Kate Roland
A year after completing its merger, Access ARM Pensions is already showing clear signs that the consolidation is delivering on its promises, with robust financial results and improving operational efficiency across the business.
The Pension Fund Administrator delivered a standout performance in the 2025 financial year, with gross revenue climbing by 50.4 per cent to N42.4bn, up from N28.2bn in 2024. Profit after tax also strengthened significantly, rising 48 per cent to N16.1bn compared to N10.9bn in the previous year.
Beyond profitability, the company’s asset base expanded strongly. Assets Under Management crossed the N4tn mark in 2025, rising from about N3tn in 2024. This milestone further cements its position as one of Nigeria’s largest pension fund administrators, reflecting both organic growth and benefits from the merger integration.

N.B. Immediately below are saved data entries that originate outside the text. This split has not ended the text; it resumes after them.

lemma pure_tol_bounds:
  assumes "0 < r"
  shows "0 < pure_tol r" "card (-M) * pure_tol r \<le> r / 64"
    "4 * (K * card M) * B * (card (-M) * pure_tol r) \<le> r / 16"
proof -
  define D where "D = 64 * (K * card M + 1) * B * (real (card (-M)) + 1)"
  have D: "0 < D" using hessian_denominator_pos by (simp add: D_def)
  have tol: "pure_tol r = r / D" by (simp add: pure_tol_def D_def)
  show "0 < pure_tol r" using assms D by (simp add: tol)
  have Km: "0 \<le> K * card M" using abs_sum_nonneg[of M G] by simp
  have "64 * real (card (-M)) \<le> 64 * 1 * (real (card (-M)) + 1)" by simp
  also have "\<dots> \<le> 64 * ((K * card M + 1) * B) * (real (card (-M)) + 1)"
    using mult_mono[of 1 "K * card M + 1" 1 B] Km pot_bound_ge_1[of u]
    by (intro mult_right_mono mult_left_mono) auto
  finally have "64 * real (card (-M)) \<le> D" by (simp add: D_def algebra_simps)
  then show "card (-M) * pure_tol r \<le> r / 64"
    using assms D by (simp add: tol field_simps mult_left_mono)
  have "K * card M * B * card (-M) \<le> (K * card M + 1) * B * (real (card (-M)) + 1)"
    using Km pot_bound_ge_1[of u] by (intro mult_mono) auto
  moreover have "0 \<le> K * card M * B * card (-M)"
    using Km pot_bound_ge_1[of u] by simp
  ultimately have "64 * (K * card M * B * card (-M)) \<le> D"
    by (simp add: D_def algebra_simps)
  then show "4 * (K * card M) * B * (card (-M) * pure_tol r) \<le> r / 16"
    using assms D by (simp add: tol field_simps mult_left_mono)
qed
(* As closed quantum subgroups of $U_N^+$, $\mathbb TO_N^+\cap U_N^\times=\mathbb TO_N^*$. Equivalently: if the standard coordinates $u_{ij}$ of a closed quantum subgroup $G\subset U_N^+$ satisfy $ab^*=a^*b$ and $ab^*c=cb^*a$ for all $a,b,c\in\{u_{ij}\}$, then they satisfy $abc=cba$ for all $a,b,c\in\{u_{ij},u_{ij}^*\}$.
   Context: $C(U_N^+)$ is the universal unital C*-algebra generated by $u_{ij}$ such that $u=(u_{ij})$ and $\bar u=(u_{ij}^* )$ are unitary, a compact quantum group with $\Delta(u_{ij})=\sum_ku_{ik}\otimes u_{kj}$; closed quantum subgroups correspond to Hopf quotients, and an intersection $G\cap H$ corresponds to imposing both sets of relations. $\mathbb TO_N^+$: impose $ab^*=a^*b$ for $a,b\in\{u_{ij}\}$; $U_N^\times$: impose $ab^*c=cb^*a$ for $a,b,c\in\{u_{ij}\}$; $U_N^{**}$: impose $abc=cba$ for $a,b,c\in\{u_{ij},u_{ij}^*\}$; $\mathbb TO_N^*=\mathbb TO_N^+\cap U_N^{**}$. *)

theory Defs
  imports Complex_Main
begin

class cstar_algebra = real_normed_algebra_1 + banach +
  fixes scaleC :: "complex \<Rightarrow> 'a \<Rightarrow> 'a"
    and adj :: "'a \<Rightarrow> 'a"
  assumes scaleC_of_real: "scaleC (complex_of_real r) x = scaleR r x"
    and scaleC_add_right: "scaleC c (x + y) = scaleC c x + scaleC c y"
    and scaleC_add_left: "scaleC (c + d) x = scaleC c x + scaleC d x"
    and scaleC_scaleC: "scaleC c (scaleC d x) = scaleC (c * d) x"
    and scaleC_one: "scaleC 1 x = x"
    and scaleC_mult_left: "scaleC c (x * y) = scaleC c x * y"
    and scaleC_mult_right: "scaleC c (x * y) = x * scaleC c y"
    and norm_scaleC: "norm (scaleC c x) = cmod c * norm x"
    and adj_adj: "adj (adj x) = x"
    and adj_add: "adj (x + y) = adj x + adj y"
    and adj_mult: "adj (x * y) = adj y * adj x"
    and adj_scaleC: "adj (scaleC c x) = scaleC (cnj c) (adj x)"
    and cstar_identity: "norm (adj x * x) = (norm x)\<^sup>2"

text \<open>The matrix u = (u i j) for i,j<N and its conjugate
  (adj (u i j)) are both unitary.\<close>

definition biunitary :: "nat \<Rightarrow> (nat \<Rightarrow> nat \<Rightarrow> 'a::cstar_algebra) \<Rightarrow> bool" where
  "biunitary N u \<longleftrightarrow>
     (\<forall>i<N. \<forall>j<N.
        (\<Sum>k<N. u i k * adj (u j k)) = (if i = j then 1 else 0) \<and>
        (\<Sum>k<N. adj (u k i) * u k j) = (if i = j then 1 else 0) \<and>
        (\<Sum>k<N. adj (u i k) * u j k) = (if i = j then 1 else 0) \<and>
        (\<Sum>k<N. u k i * adj (u k j)) = (if i = j then 1 else 0))"

definition coords :: "nat \<Rightarrow> (nat \<Rightarrow> nat \<Rightarrow> 'a) \<Rightarrow> 'a set" where
  "coords N u = {u i j | i j. i < N \<and> j < N}"

end

theory Submission
  imports Defs
begin

text \<open>Let S be the set of coordinates. Since u is biunitary, the elements adj x * x with x
  in S (along one column) sum to 1, so abc = cba follows once a b (adj x * x) c =
  c b (adj x * x) a; the latter is a chain of the two given relations, which also make
  adj x * x = x * adj x. The relations with adjoints follow from the given ones and
  from taking adjoints of relations already obtained.\<close>

definition reverses_triples :: "'a::times set \<Rightarrow> bool" where
  "reverses_triples S \<longleftrightarrow> (\<forall>a\<in>S. \<forall>b\<in>S. \<forall>c\<in>S. a * b * c = c * b * a)"

lemma adj_triple_reversal:
  fixes x y z :: "'a::cstar_algebra"
  assumes "x * y * z = z * y * x"
  shows "adj z * adj y * adj x = adj x * adj y * adj z"
  by (metis assms adj_mult mult.assoc)

lemma triple_reversal_by_partition_of_unity:
  fixes a b c :: "'a::semiring_1"
  assumes "(\<Sum>k\<in>K. p k) = 1"
    and "\<And>k. k \<in> K \<Longrightarrow> a * b * p k * c = c * b * p k * a"
  shows "a * b * c = c * b * a"
proof -
  have "a * b * c = (\<Sum>k\<in>K. a * b * p k * c)"
    by (simp add: assms(1) flip: sum_distrib_left sum_distrib_right)
  also have "\<dots> = (\<Sum>k\<in>K. c * b * p k * a)"
    using assms(2) by (rule sum.cong[OF refl])
  also have "\<dots> = c * b * a"
    by (simp add: assms(1) flip: sum_distrib_left sum_distrib_right)
  finally show ?thesis .
qed

lemma biunitary_column_sum:
  assumes "biunitary N u" and "j < N"
  shows "(\<Sum>k<N. adj (u k j) * u k j) = 1"
  using assms unfolding biunitary_def by auto

locale torus_orthogonal_half_commuting =
  fixes S :: "'a::cstar_algebra set"
  assumes adj_swap: "\<And>a b. a \<in> S \<Longrightarrow> b \<in> S \<Longrightarrow> a * adj b = adj a * b"
    and half_commute: "\<And>a b c. a \<in> S \<Longrightarrow> b \<in> S \<Longrightarrow> c \<in> S \<Longrightarrow>
      a * adj b * c = c * adj b * a"
begin

lemma triple_reversal_around_square:
  assumes a: "a \<in> S" and b: "b \<in> S" and c: "c \<in> S" and x: "x \<in> S"
  shows "a * b * (adj x * x) * c = c * b * (adj x * x) * a"
proof -
  have normal: "adj x * x = x * adj x" using adj_swap[OF x x] by simp
  have "a * b * (adj x * x) * c = a * b * (x * adj x * c)"
    using normal by (simp add: mult.assoc)
  also have "\<dots> = a * b * (c * adj x) * x"
    using half_commute[OF x x c] by (simp add: mult.assoc)
  also have "\<dots> = a * (b * adj c) * x * x"
    using adj_swap[OF c x] by (simp add: mult.assoc)
  also have "\<dots> = (a * adj b * c) * x * x"
    using adj_swap[OF b c] by (simp add: mult.assoc)
  also have "\<dots> = c * (adj b * a) * x * x"
    using half_commute[OF a b c] by (simp add: mult.assoc)
  also have "\<dots> = c * b * (adj a * x) * x"
    by (simp add: mult.assoc flip: adj_swap[OF b a])
  also have "\<dots> = c * b * (a * adj x * x)"
    by (simp add: mult.assoc flip: adj_swap[OF a x])
  also have "\<dots> = c * b * (adj x * x) * a"
    using half_commute[OF a x x] normal by (simp add: mult.assoc)
  finally show ?thesis .
qed

lemma triple_reversal_with_adj_last:
  assumes "a \<in> S" "b \<in> S" "c \<in> S"
  shows "a * b * adj c = adj c * b * a"
proof -
  have "a * b * adj c = a * adj b * c" using adj_swap[OF assms(2,3)] by (simp add: mult.assoc)
  also have "\<dots> = c * adj b * a" using half_commute[OF assms] .
  also have "\<dots> = adj c * b * a" using adj_swap[OF assms(3,2)] by simp
  finally show ?thesis .
qed

lemma reverses_triples_adj_closure:
  assumes "reverses_triples S"
  shows "reverses_triples (S \<union> adj ` S)"
  unfolding reverses_triples_def
proof (intro ballI)
  fix a b c assume "a \<in> S \<union> adj ` S" "b \<in> S \<union> adj ` S" "c \<in> S \<union> adj ` S"
  then obtain a' b' c' where S: "a' \<in> S" "b' \<in> S" "c' \<in> S"
    and "a = a' \<or> a = adj a'" "b = b' \<or> b = adj b'" "c = c' \<or> c = adj c'"
    by blast
  note plain = assms[unfolded reverses_triples_def, rule_format]
    and last = triple_reversal_with_adj_last and middle = half_commute
  note \<open>a = a' \<or> a = adj a'\<close> \<open>b = b' \<or> b = adj b'\<close> \<open>c = c' \<or> c = adj c'\<close>
  \<comment> \<open>the triples with two or three adjoints are adjoints of those with at most one\<close>
  moreover have "adj a' * adj b' * c' = c' * adj b' * adj a'"
    using adj_triple_reversal[OF last[OF S]] by (simp add: adj_adj)
  moreover have "adj a' * b' * adj c' = adj c' * b' * adj a'"
    using adj_triple_reversal[OF middle[OF S]] by (simp add: adj_adj)
  moreover have "a' * adj b' * adj c' = adj c' * adj b' * a'"
    using adj_triple_reversal[OF last[OF S(3,2,1)]] by (simp add: adj_adj)
  moreover have "adj a' * adj b' * adj c' = adj c' * adj b' * adj a'"
    using adj_triple_reversal[OF plain[OF S(3,2,1)]] .
  ultimately show "a * b * c = c * b * a"
    using plain[OF S] last[OF S] last[OF S(3,2,1)] middle[OF S] by auto
qed

end

lemma coords_reverse_triples:
  fixes u :: "nat \<Rightarrow> nat \<Rightarrow> 'a::cstar_algebra"
  assumes "biunitary N u" and "torus_orthogonal_half_commuting (coords N u)"
  shows "reverses_triples (coords N u)"
  unfolding reverses_triples_def
proof (intro ballI)
  interpret torus_orthogonal_half_commuting "coords N u" by fact
  fix a b c assume abc: "a \<in> coords N u" "b \<in> coords N u" "c \<in> coords N u"
  then have "0 < N" unfolding coords_def by auto
  show "a * b * c = c * b * a"
  proof (rule triple_reversal_by_partition_of_unity)
    show "(\<Sum>k\<in>{..<N}. adj (u k 0) * u k 0) = 1"
      using biunitary_column_sum[OF assms(1) \<open>0 < N\<close>] .
    fix k assume "k \<in> {..<N}"
    then have "u k 0 \<in> coords N u" using \<open>0 < N\<close> unfolding coords_def by blast
    with abc show "a * b * (adj (u k 0) * u k 0) * c = c * b * (adj (u k 0) * u k 0) * a"
      by (rule triple_reversal_around_square)
  qed
qed

theorem proposition3p6:
  fixes N :: nat and u :: "nat \<Rightarrow> nat \<Rightarrow> 'a::cstar_algebra"
  assumes "biunitary N u"
    and "\<forall>a\<in>coords N u. \<forall>b\<in>coords N u. a * adj b = adj a * b"
    and "\<forall>a\<in>coords N u. \<forall>b\<in>coords N u. \<forall>c\<in>coords N u.
           a * adj b * c = c * adj b * a"
  shows "\<forall>a\<in>coords N u \<union> adj ` coords N u. \<forall>b\<in>coords N u \<union> adj ` coords N u.
           \<forall>c\<in>coords N u \<union> adj ` coords N u. a * b * c = c * b * a"
proof -
  have relations: "torus_orthogonal_half_commuting (coords N u)"
    using assms(2,3) by unfold_locales blast+
  have "reverses_triples (coords N u)"
    using coords_reverse_triples[OF assms(1) relations] .
  then have "reverses_triples (coords N u \<union> adj ` coords N u)"
    by (rule torus_orthogonal_half_commuting.reverses_triples_adj_closure[OF relations])
  then show ?thesis
    unfolding reverses_triples_def .
qed

end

At the Annual General Meeting held in Lagos, shareholders responded positively to the performance, approving a dividend payout of N2 per share—an outcome that signals confidence in the company’s earnings stability and future prospects.
Speaking at the meeting, the Acting Managing Director and Chief Executive Officer, Abimbola Sulaiman, described the period as a defining phase in the organisation’s evolution.
“If you recall, FY2025 was our first full year post-merger. In 2024, ARM Pensions was part of the business for only about five months, so 2025 marked the first full year of consolidation,” Sulaiman said.
She explained that the company is already benefiting from early-stage synergies, particularly in cost efficiency and customer growth, while also strengthening its market positioning.
“The business is strong, the brand is strong, and we recorded gains in customer acquisition and assets under management. We are seeing strong double-digit growth, not only in line with the industry but ahead of it, largely because of the value capture achieved from the merger,” she added.
Sulaiman further noted that mergers of this scale typically require time before delivering full benefits, suggesting that the current performance may only represent the early phase of a longer growth cycle.
“Mergers and acquisitions typically take between one and three years before full integration benefits are realised. We are therefore optimistic about the growth trajectory ahead,” she stated.
On regulatory capital requirements, she expressed confidence in the firm’s internal capacity to comply without seeking external funding or diluting shareholder value.
“The fact that we are able to pay dividends while still working towards meeting the new minimum capital requirement demonstrates our confidence. We will meet the requirement before the deadline and will not require any external capital injection to do so,” she said.
Investors at the meeting largely welcomed the results and management’s outlook. One shareholder, Obinna Anyanwu, described the dividend decision and financial performance as encouraging for the investment community.
“We are beginning to reap the benefits of the merger with ARM Pensions. Based on the performance presented today, we are optimistic that the company will continue to build on and consolidate these gains,” Anyanwu said.
He also highlighted growing investor confidence in the leadership team, adding, “The quality of leadership within the organisation gives us confidence. We believe the company will perform even better in the years ahead.”
With integration gains still unfolding and assets expanding beyond the N4tn threshold, the company appears positioned to sustain its growth momentum as Nigeria’s pension industry continues to evolve under tighter capital and governance expectations.